PROBLEM REQUIREMENTS — If a line of the records holds the word "where", copy it out.

[Stored data entries]
(* Let $m,d_1,d_2$ be positive integers, $\bm{B}\in\mathbb{C}^{m\times d_1}$, $\bm{A}\in\mathbb{C}^{m\times d_2}$ and $\bm{y}\in\mathbb{C}^m$. For $j=1,\dots,m$ let $\bm{b}_j\in\mathbb{C}^{d_1}$ and $\bm{a}_j\in\mathbb{C}^{d_2}$ be the $j$-th columns of $\bm{B}^{\mathsf H}$ and $\bm{A}^{\mathsf H}$ respectively. Define $F_1:\mathbb{R}^{d_1}\times\mathbb{R}^{d_2}\to\mathbb{R}$ by $$F_1(\bm{h},\bm{x})=\frac14\|\bm{Bh}\|_4^4+\frac14\|\bm{Ax}\|_4^4+\frac12\Big(\|\bm{Bh}\odot\bm{Ax}\|_2^2+\|\bm{y}\odot\bm{Bh}\|_2^2+\|\bm{Ax}\|_2^2+\|\bm{y}\|_2^2\Big),$$ and $H:\mathbb{R}^{d_1}\times\mathbb{R}^{d_2}\to\mathbb{R}$ by $$H(\bm{h},\bm{x})=\frac14\big(\|\bm{h}\|_2^2+\|\bm{x}\|_2^2\big)^2+\frac12\big(\|\bm{h}\|_2^2+\|\bm{x}\|_2^2\big).$$ Then for every real $L$ satisfying $$L\ \ge\ \sum_{j=1}^m\Big(3\|\bm{b}_j\|_2^4+3\|\bm{a}_j\|_2^4+\|\bm{b}_j\|_2^2\|\bm{a}_j\|_2^2+|y_j|^2\|\bm{b}_j\|_2^2+\|\bm{a}_j\|_2^2\Big),$$ the function $LH-F_1$ is convex on $\mathbb{R}^{d_1+d_2}$.
   Context: $\odot$ denotes the elementwise (Hadamard) product of vectors in $\mathbb{C}^m$; for $\bm{w}\in\mathbb{C}^m$, $\|\bm{w}\|_2^2=\sum_j|w_j|^2$ and $\|\bm{w}\|_4^4=\sum_j|w_j|^4$. $\bm{B}^{\mathsf H}$ is the conjugate transpose, so $(\bm{Bh})_j=\bm{b}_j^{\mathsf H}\bm{h}$ and $(\bm{Ax})_j=\bm{a}_j^{\mathsf H}\bm{x}$. The variables $\bm{h},\bm{x}$ are real vectors, and $(\bm{h},\bm{x})$ is identified with a vector of $\mathbb{R}^{d_1+d_2}$. *)

theory Defs
  imports "HOL-Analysis.Analysis"
begin

definition cvec :: "real^'n \<Rightarrow> complex^'n" where
  "cvec h = (\<chi> i. complex_of_real (h $ i))"

text \<open>The matrix B in C^(m x d1) is  complex^'d1^'m  (row j is  B $ j, i.e. conj b_j);
  (B h)_j = b_j^H h = (B *v h) $ j.\<close>

definition F1 :: "complex^'d1^'m \<Rightarrow> complex^'d2^'m \<Rightarrow> complex^'m \<Rightarrow>
    ((real^'d1) \<times> (real^'d2)) \<Rightarrow> real" where
  "F1 B A y z =
     (let Bh = B *v cvec (fst z); Ax = A *v cvec (snd z) in
     (1/4) * (\<Sum>j\<in>UNIV. cmod (Bh $ j) ^ 4)
   + (1/4) * (\<Sum>j\<in>UNIV. cmod (Ax $ j) ^ 4)
   + (1/2) * ((\<Sum>j\<in>UNIV. cmod (Bh $ j * Ax $ j) ^ 2)
            + (\<Sum>j\<in>UNIV. cmod (y $ j * Bh $ j) ^ 2)
            + (\<Sum>j\<in>UNIV. cmod (Ax $ j) ^ 2)
            + (\<Sum>j\<in>UNIV. cmod (y $ j) ^ 2)))"

definition Hfun :: "((real^'d1) \<times> (real^'d2)) \<Rightarrow> real" where
  "Hfun z = (1/4) * (norm (fst z) ^ 2 + norm (snd z) ^ 2) ^ 2
             + (1/2) * (norm (fst z) ^ 2 + norm (snd z) ^ 2)"

end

SOLVED EXERCISE —
definition cvec :: "real^'n \<Rightarrow> complex^'n" where
    ((real^'d1) \<times> (real^'d2)) \<Rightarrow> real" where
definition Hfun :: "((real^'d1) \<times> (real^'d2)) \<Rightarrow> real" where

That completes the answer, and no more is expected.